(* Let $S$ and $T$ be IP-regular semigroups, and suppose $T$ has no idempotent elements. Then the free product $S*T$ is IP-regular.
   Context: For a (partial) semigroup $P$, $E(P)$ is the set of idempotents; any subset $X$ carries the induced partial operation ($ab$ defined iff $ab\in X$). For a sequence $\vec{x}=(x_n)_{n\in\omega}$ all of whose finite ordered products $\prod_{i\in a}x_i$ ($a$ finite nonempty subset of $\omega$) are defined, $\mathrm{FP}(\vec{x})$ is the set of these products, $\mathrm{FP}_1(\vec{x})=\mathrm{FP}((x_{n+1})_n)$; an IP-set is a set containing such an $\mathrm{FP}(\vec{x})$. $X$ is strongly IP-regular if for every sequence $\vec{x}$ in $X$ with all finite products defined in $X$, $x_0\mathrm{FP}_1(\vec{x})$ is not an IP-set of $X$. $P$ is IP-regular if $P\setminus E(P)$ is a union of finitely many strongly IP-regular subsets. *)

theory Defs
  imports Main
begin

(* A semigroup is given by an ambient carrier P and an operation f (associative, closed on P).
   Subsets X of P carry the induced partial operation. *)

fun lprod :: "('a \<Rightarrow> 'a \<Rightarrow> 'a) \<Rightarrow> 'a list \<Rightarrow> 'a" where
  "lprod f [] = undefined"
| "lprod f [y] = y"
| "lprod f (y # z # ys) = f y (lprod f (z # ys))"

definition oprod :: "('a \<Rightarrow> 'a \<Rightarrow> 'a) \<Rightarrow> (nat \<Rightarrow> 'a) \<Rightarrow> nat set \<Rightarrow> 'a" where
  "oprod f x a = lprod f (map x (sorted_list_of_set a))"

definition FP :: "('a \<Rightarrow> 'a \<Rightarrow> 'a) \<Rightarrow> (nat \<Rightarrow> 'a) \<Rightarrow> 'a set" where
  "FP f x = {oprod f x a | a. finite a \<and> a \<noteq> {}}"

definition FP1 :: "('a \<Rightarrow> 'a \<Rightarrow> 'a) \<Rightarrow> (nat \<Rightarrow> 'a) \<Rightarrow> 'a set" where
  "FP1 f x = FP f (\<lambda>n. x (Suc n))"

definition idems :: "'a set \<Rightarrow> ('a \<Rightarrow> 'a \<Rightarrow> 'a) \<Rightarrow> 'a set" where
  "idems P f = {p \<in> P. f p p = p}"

▬▬▬▬▬▬

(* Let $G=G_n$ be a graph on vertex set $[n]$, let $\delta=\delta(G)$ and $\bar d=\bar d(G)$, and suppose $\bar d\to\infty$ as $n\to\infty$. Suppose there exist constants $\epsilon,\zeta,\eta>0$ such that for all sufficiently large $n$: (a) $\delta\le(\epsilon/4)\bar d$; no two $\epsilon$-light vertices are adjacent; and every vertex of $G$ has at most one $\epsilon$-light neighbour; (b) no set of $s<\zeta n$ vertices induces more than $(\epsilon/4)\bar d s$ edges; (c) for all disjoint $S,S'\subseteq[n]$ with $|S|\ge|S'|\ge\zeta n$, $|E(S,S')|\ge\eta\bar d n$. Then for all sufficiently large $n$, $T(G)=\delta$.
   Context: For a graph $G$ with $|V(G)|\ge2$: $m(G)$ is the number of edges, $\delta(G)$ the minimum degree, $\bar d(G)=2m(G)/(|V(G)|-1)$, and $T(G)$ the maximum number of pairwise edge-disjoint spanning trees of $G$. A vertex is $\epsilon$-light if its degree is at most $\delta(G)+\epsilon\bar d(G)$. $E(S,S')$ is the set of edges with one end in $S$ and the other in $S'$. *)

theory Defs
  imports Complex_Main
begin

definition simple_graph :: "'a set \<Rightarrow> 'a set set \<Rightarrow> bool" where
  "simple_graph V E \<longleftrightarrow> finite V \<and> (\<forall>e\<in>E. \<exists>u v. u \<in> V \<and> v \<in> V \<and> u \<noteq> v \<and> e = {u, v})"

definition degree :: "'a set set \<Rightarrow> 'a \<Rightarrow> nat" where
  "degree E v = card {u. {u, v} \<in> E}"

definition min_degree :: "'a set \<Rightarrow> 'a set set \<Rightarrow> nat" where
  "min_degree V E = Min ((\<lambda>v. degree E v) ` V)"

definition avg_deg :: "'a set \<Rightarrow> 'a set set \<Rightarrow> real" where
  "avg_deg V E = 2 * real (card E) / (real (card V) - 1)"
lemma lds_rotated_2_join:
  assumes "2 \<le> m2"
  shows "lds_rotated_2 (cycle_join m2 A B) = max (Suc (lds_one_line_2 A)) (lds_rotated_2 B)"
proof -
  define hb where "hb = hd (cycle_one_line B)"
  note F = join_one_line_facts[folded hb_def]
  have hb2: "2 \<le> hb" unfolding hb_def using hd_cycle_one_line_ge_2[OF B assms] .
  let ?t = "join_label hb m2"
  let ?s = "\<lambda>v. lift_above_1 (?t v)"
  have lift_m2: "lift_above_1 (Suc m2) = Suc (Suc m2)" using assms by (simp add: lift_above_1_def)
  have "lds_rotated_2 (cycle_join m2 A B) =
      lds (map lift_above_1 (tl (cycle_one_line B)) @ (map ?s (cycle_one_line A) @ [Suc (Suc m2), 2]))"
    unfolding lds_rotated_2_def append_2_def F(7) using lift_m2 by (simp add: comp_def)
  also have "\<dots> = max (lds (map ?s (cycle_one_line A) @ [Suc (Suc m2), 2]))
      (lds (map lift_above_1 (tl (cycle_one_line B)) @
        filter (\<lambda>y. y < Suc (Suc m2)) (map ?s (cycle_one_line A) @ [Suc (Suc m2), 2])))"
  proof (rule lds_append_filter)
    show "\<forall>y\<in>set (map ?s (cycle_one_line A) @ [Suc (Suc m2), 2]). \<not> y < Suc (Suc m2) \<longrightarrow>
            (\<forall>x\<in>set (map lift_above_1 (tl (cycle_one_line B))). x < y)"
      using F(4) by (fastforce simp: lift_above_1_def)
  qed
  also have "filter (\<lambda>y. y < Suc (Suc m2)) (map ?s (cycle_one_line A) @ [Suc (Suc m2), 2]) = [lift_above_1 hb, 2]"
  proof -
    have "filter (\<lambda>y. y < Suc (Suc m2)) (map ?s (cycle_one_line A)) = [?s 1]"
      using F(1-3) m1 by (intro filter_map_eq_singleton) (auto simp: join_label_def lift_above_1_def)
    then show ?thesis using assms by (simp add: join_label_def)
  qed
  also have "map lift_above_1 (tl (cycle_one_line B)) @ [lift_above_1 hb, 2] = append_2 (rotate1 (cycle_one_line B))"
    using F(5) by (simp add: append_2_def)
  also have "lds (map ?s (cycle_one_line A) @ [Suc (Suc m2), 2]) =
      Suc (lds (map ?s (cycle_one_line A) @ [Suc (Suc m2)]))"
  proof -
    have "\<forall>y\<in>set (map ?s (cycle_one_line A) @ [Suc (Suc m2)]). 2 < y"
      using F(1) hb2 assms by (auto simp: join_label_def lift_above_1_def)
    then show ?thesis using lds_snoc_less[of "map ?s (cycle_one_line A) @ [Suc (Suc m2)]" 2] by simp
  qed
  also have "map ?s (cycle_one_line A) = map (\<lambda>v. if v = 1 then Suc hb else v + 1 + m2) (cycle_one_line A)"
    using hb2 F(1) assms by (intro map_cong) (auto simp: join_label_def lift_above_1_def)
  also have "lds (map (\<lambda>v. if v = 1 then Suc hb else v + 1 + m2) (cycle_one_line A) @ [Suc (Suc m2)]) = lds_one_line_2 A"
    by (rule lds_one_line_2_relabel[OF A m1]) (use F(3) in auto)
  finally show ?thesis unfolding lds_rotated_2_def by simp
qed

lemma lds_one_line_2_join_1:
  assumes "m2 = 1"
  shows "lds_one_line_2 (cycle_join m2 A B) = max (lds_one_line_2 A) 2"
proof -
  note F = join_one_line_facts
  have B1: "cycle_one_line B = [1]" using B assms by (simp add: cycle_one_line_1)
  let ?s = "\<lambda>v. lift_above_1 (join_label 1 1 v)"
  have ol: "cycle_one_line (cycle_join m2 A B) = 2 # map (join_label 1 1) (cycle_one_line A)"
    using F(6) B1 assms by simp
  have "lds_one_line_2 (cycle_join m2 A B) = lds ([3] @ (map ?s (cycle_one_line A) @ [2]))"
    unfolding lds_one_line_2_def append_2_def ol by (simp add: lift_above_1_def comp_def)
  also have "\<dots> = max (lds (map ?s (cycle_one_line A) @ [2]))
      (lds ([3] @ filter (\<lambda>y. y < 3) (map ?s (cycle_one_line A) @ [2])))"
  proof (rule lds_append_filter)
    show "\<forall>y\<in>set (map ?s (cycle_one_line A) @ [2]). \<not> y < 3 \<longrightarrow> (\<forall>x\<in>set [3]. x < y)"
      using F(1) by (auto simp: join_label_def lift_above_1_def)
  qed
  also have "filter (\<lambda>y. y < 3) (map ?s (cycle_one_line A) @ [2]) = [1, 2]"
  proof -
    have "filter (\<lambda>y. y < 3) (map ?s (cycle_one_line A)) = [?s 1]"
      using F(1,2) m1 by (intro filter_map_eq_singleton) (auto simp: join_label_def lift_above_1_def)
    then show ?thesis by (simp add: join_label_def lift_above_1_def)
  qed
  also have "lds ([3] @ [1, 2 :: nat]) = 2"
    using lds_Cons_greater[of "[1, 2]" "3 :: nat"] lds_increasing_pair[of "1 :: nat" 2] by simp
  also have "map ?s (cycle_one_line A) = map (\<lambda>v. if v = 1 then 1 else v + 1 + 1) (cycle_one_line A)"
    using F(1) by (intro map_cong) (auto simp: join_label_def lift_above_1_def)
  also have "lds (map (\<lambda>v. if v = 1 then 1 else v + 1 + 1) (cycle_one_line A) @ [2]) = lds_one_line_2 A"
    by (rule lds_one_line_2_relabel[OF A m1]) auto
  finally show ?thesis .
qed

▬▬▬▬▬▬

### Assignment
Copy all the lines above that hold the string "longrightarrow".

### Exercise response
    show "\<forall>y\<in>set (map ?s (cycle_one_line A) @ [Suc (Suc m2), 2]). \<not> y < Suc (Suc m2) \<longrightarrow>
    show "\<forall>y\<in>set (map ?s (cycle_one_line A) @ [2]). \<not> y < 3 \<longrightarrow> (\<forall>x\<in>set [3]. x < y)"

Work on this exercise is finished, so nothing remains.